Em sessão judicial, Eva do Amaral Coelho afirmou que categoria não terá como "pagar as contas", apesar de receber remuneração líquida superior a R$ 91 mil em março de 2026.
Uma declaração da desembargadora Eva do Amaral Coelho, do Tribunal de Justiça do Pará (TJPA), gerou forte repercussão nesta semana. Durante a 8ª sessão da 3ª Turma de Direito Penal, a magistrada classificou a situação financeira da magistratura como "muito triste" e chegou a comparar as condições de trabalho a um "regime de escravidão".
Contudo, dados do Portal da Transparência revelam um cenário financeiro robusto: somente em doze meses de 2025, a desembargadora recebeu o montante bruto de R$ 1.024.117,30.
"Fundo do alçapão" e crise financeira
As falas de Eva Coelho ocorreram após o Supremo Tribunal Federal (STF) estabelecer critérios rígidos para o pagamento de verbas indenizatórias, os chamados "penduricalhos", para juízes e membros do Ministério Público.
“Nós não temos direito mais a auxílio-alimentação... daqui a pouco a gente vai estar no hall daqueles funcionários que trabalham em regime de escravidão”, afirmou a desembargadora durante a sessão.
A magistrada alegou que colegas estão deixando de frequentar médicos e tomar remédios por falta de verba. "Hoje a gente vive uma tensão enorme, porque não teremos, em algum tempo, como pagar nossas contas", completou, afirmando que a categoria não está no "fundo do poço", mas sim no "fundo do alçapão".
Os números da magistrada
Em contraste com o desabafo, o Portal da Transparência mostra que, em março de 2026, a desembargadora obteve uma remuneração bruta de R$ 117.863,72. Após os descontos obrigatórios, o valor líquido que caiu em sua conta foi de R$ 91.211,82.
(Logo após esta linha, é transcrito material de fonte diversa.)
lemma norm_poly_dilate_less:
  fixes F :: "complex poly" and R r k :: real
  assumes "degree F \<ge> 1" and roots: "\<And>x. poly F x = 0 \<Longrightarrow> cmod x < k"
    and "k \<le> r" "r < R" "cmod x \<ge> 1"
  shows "cmod (poly F (of_real r * x)) < cmod (poly F (of_real R * x))"
proof -
  obtain w where w: "F = smult (lead_coeff F) (\<Prod>i<degree F. [:- w i, 1:])"
    and wroot: "\<And>i. i < degree F \<Longrightarrow> poly F (w i) = 0"
    using complex_poly_factor_roots[of F] by blast
  have lt: "cmod (of_real r * x - w i) < cmod (of_real R * x - w i)" if "i < degree F" for i
    using norm_scaled_diff_less[OF roots[OF wroot[OF that]]] assms by simp
  have "(\<Prod>i<degree F. cmod (of_real r * x - w i)) < (\<Prod>i<degree F. cmod (of_real R * x - w i))"
    using assms lt le_less_trans[OF norm_ge_zero lt]
    by (intro prod_mono_strict[of 0]) (auto intro: less_imp_le)
  moreover have "lead_coeff F \<noteq> 0" using assms by auto
  ultimately show ?thesis
    by (subst (1 2) w) (simp add: poly_prod norm_mult prod_norm)
qed

lemma of_real_pow_diff_nonzero:
  fixes \<alpha> :: complex
  assumes "cmod \<alpha> \<le> 1" "0 \<le> r" "r < R" "n \<ge> 1"
  shows "of_real (R ^ n) - \<alpha> * of_real (r ^ n) \<noteq> 0"
proof
  assume "of_real (R ^ n) - \<alpha> * of_real (r ^ n) = 0"
  hence "R ^ n = cmod \<alpha> * r ^ n"
    using assms by (metis eq_iff_diff_eq_0 abs_of_nonneg norm_mult norm_of_real
        zero_le_power order.trans order.strict_implies_order)
  also have "\<dots> \<le> r ^ n" using assms by (simp add: mult_left_le_one_le)
  also have "\<dots> < R ^ n" using assms by (intro power_strict_mono) auto
  finally show False by simp
qed

lemma B_op_dilate_diff_nonzero:
  fixes F :: "complex poly"
  assumes adm: "B_admissible n l0 l1 l2" and n: "n \<ge> 1" and F: "degree F = n"
    and roots: "\<And>x. poly F x = 0 \<Longrightarrow> cmod x < k"
    and \<alpha>: "cmod \<alpha> \<le> 1" and rR: "k \<le> r" "r < R" and z: "cmod z \<ge> 1"
  shows "B_op n l0 l1 l2 (F \<circ>\<^sub>p [:0, of_real R:]) z
    - \<alpha> * B_op n l0 l1 l2 (F \<circ>\<^sub>p [:0, of_real r:]) z \<noteq> 0"
proof -
  define G where "G = F \<circ>\<^sub>p [:0, of_real R:] - smult \<alpha> (F \<circ>\<^sub>p [:0, of_real r:])"
  obtain x0 where "poly F x0 = 0"
    using fundamental_theorem_of_algebra[of F] F n by (auto simp: constant_degree)
  hence "k > 0" using roots norm_ge_zero le_less_trans by blast
  have "degree G = n"
  proof (rule antisym)
    show "degree G \<le> n" unfolding G_def
      by (intro degree_diff_le order.trans[OF degree_smult_le]) (auto simp: degree_pcompose F)
    have "coeff G n = (of_real (R ^ n) - \<alpha> * of_real (r ^ n)) * coeff F n"
      by (simp add: G_def coeff_pcompose_linear algebra_simps)
    also have "\<dots> \<noteq> 0" using of_real_pow_diff_nonzero[OF \<alpha> _ rR(2) n] F n \<open>k > 0\<close> rR by auto
    finally show "n \<le> degree G" by (rule le_degree)
  qed
  moreover have "cmod x < 1" if "poly G x = 0" for x
  proof (rule ccontr)
    assume "\<not> cmod x < 1"
    have "cmod (\<alpha> * poly F (of_real r * x)) \<le> cmod (poly F (of_real r * x))"
      using \<alpha> by (simp add: norm_mult mult_left_le_one_le)
    also have "\<dots> < cmod (poly F (of_real R * x))"
      using \<open>\<not> cmod x < 1\<close> F n by (intro norm_poly_dilate_less[OF _ roots rR]) auto
    finally have "cmod (\<alpha> * poly F (of_real r * x)) < cmod (poly F (of_real R * x))" .
    with that show False by (simp add: G_def poly_pcompose mult.commute)
  qed
  ultimately have "B_op n l0 l1 l2 G z \<noteq> 0" by (rule B_op_nonzero[OF adm n _ _ z])
  thus ?thesis by (simp add: G_def B_op_diff B_op_smult)
qed

lemma norm_B_op_dilate_diff_le:
  fixes P :: "complex poly"
  assumes adm: "B_admissible n l0 l1 l2" and n: "n \<ge> 1" and k: "k > 0" and P: "degree P \<le> n"
    and \<alpha>: "cmod \<alpha> \<le> 1" and rR: "k \<le> r" "r < R" and z: "cmod z \<ge> 1"
  shows "cmod (B_op n l0 l1 l2 (P \<circ>\<^sub>p [:0, of_real R:]) z
      - \<alpha> * B_op n l0 l1 l2 (P \<circ>\<^sub>p [:0, of_real r:]) z)
    \<le> cmod (of_real (R ^ n) - \<alpha> * of_real (r ^ n)) / k ^ n
      * cmod (B_op n l0 l1 l2 (monom 1 n) z) * max_circle P k"
    (is "cmod ?T \<le> cmod ?c / k ^ n * cmod ?B * ?M")
proof (rule ccontr)
  have "?c \<noteq> 0" using of_real_pow_diff_nonzero[OF \<alpha> _ rR(2) n] k rR by simp
  moreover have "z \<noteq> 0" using z by auto
  hence "?B \<noteq> 0" using B_op_monom[OF n] poly_U_poly_half_nonzero[OF adm n] by simp
  ultimately have cB: "?c * ?B \<noteq> 0" by simp
  define \<mu> where "\<mu> = ?T / (?c * ?B)"
  assume "\<not> cmod ?T \<le> cmod ?c / k ^ n * cmod ?B * ?M"
  hence "?M / k ^ n * cmod (?c * ?B) < cmod ?T" by (simp add: norm_mult mult_ac)
  moreover have "cmod (?c * ?B) > 0" using cB by simp
  ultimately have \<mu>_gt: "cmod \<mu> > ?M / k ^ n"
    by (simp add: \<mu>_def norm_divide pos_less_divide_eq del: norm_mult)
  define F where "F = P - smult \<mu> (monom 1 n)"
  have F: "degree F = n" and roots: "\<And>x. poly F x = 0 \<Longrightarrow> cmod x < k"
    using degree_diff_large_monom[OF P k \<mu>_gt] zeros_diff_large_monom[OF P k \<mu>_gt]
    by (simp_all add: F_def)
  have "?T - \<mu> * (?c * ?B) =
    B_op n l0 l1 l2 (F \<circ>\<^sub>p [:0, of_real R:]) z - \<alpha> * B_op n l0 l1 l2 (F \<circ>\<^sub>p [:0, of_real r:]) z"
    by (simp add: F_def pcompose_diff pcompose_smult pcompose_monom_scale B_op_diff B_op_smult
        algebra_simps)
  also have "\<dots> \<noteq> 0" by (rule B_op_dilate_diff_nonzero[OF adm n F roots \<alpha> rR z])
  finally show False using cB by (simp add: \<mu>_def)
qed

lemma norm_B_op_dilate_diff_monom:
  assumes "k > 0"
  shows "cmod (B_op n l0 l1 l2 (monom a n \<circ>\<^sub>p [:0, of_real R:]) z
      - \<alpha> * B_op n l0 l1 l2 (monom a n \<circ>\<^sub>p [:0, of_real r:]) z)
    = cmod (of_real (R ^ n) - \<alpha> * of_real (r ^ n)) / k ^ n
      * cmod (B_op n l0 l1 l2 (monom 1 n) z) * max_circle (monom a n) k"
proof -
  have "monom a n \<circ>\<^sub>p [:0, of_real s:] = smult (of_real (s ^ n) * a) (monom 1 n)" for s :: real
    by (simp add: pcompose_monom_scale smult_monom)
  thus ?thesis
    using assms by (simp add: B_op_smult max_circle_monom norm_mult algebra_simps flip: norm_mult)
qed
A desembargadora defendeu o empenho da classe, mencionando o excesso de horas extras realizadas em casa e nos finais de semana, e lamentou que juízes sejam vistos pela população como "vilões" ou "pessoas sem escrúpulos".
Trajetória e o caso Eldorado do Carajás
Nascida em 15 de julho de 1951, Eva do Amaral Coelho tem 74 anos e completa quatro décadas de carreira no Judiciário paraense. Ingressou na magistratura em 1985 e passou por comarcas como Afuá, Conceição do Araguaia, Castanhal e Icoaraci.
Sua trajetória é marcada pela atuação em um dos casos mais emblemáticos do Brasil: o Massacre de Eldorado do Carajás. Entre 2001 e 2002, ela presidiu as fases iniciais do julgamento dos 149 policiais militares envolvidos na morte de 19 trabalhadores rurais do MST. O episódio completa 30 anos em 2026. Na ocasião, ela acabou desistindo do caso em maio de 2002, após o MST alegar perda de sua imparcialidade devido à retirada de um laudo da Unicamp do processo.
O que mudou com a decisão do STF?
A polêmica surge no rastro da nova tese fixada pelo STF, que padroniza as parcelas indenizatórias permitidas a magistrados, submetendo-as a regras de transparência e ao teto constitucional, até que o Congresso Nacional aprove uma lei específica sobre o tema.
Até o momento, a desembargadora não se manifestou oficialmente sobre a repercussão de suas falas. O espaço segue aberto para posicionamento.